Of the records that follow, copy only the lines from the line containing "by (auto simp: safe_lang_eq_run_lang[OF" to the line containing "using inf_run_prefix[OF r, of", both included, exactly as written.

** Opening SOURCE MATERIAL block **

lemma safe_lang_subset_shadow_lang:
  assumes ts: "path (safe_trans A) p0 ts p"
  shows "safe_lang A p \<subseteq> shadow_lang (B_state (labels ts))"
proof
  fix w assume "w \<in> safe_lang A p"
  then obtain r where r: "inf_run (safe_trans A) p w r"
    by (auto simp: safe_lang_eq_run_lang[OF well_formed_A] run_lang_def)
  define r' where "r' i = \<sigma>B (h @ labels ts @ prefix w (Suc i))" for i
  have "r' i = (B_state (labels ts @ prefix w i), w i, B_state (labels ts @ prefix w (Suc i)))
    \<and> r' i \<in> shadow_trans" for i
  proof -
    have "path (safe_trans A) p0 ((ts @ map r [0..<i]) @ [r i]) (fst (r (Suc i)))"
      using ts inf_run_prefix[OF r, of "Suc i"] by (auto simp: path_append)
    note step = shadow_trans_snoc[OF this]
    have "labels (ts @ map r [0..<i]) = labels ts @ prefix w i" "fst (snd (r i)) = w i"
      using inf_run_prefix[OF r, of i] r by (auto simp: inf_run_def)
    then have "h @ labels ((ts @ map r [0..<i]) @ [r i]) = h @ labels ts @ prefix w (Suc i)"
      by (simp add: prefix_Suc)
    with step \<open>labels (ts @ map r [0..<i]) = _\<close> \<open>fst (snd (r i)) = w i\<close> show ?thesis
      unfolding r'_def by (clarsimp simp: prefix_Suc)
  qed
  then have "inf_run shadow_trans (B_state (labels ts)) w r'"
    unfolding inf_run_def by (metis prod.sel prefix_0 append_Nil2)
  then show "w \<in> shadow_lang (B_state (labels ts))"
    by (auto simp: run_lang_def)
qed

** Closing SOURCE MATERIAL block **

*YOUR RESPONSE*.
    by (auto simp: safe_lang_eq_run_lang[OF well_formed_A] run_lang_def)
  define r' where "r' i = \<sigma>B (h @ labels ts @ prefix w (Suc i))" for i
  have "r' i = (B_state (labels ts @ prefix w i), w i, B_state (labels ts @ prefix w (Suc i)))
    \<and> r' i \<in> shadow_trans" for i
  proof -
    have "path (safe_trans A) p0 ((ts @ map r [0..<i]) @ [r i]) (fst (r (Suc i)))"
      using ts inf_run_prefix[OF r, of "Suc i"] by (auto simp: path_append)
    note step = shadow_trans_snoc[OF this]
    have "labels (ts @ map r [0..<i]) = labels ts @ prefix w i" "fst (snd (r i)) = w i"
      using inf_run_prefix[OF r, of i] r by (auto simp: inf_run_def)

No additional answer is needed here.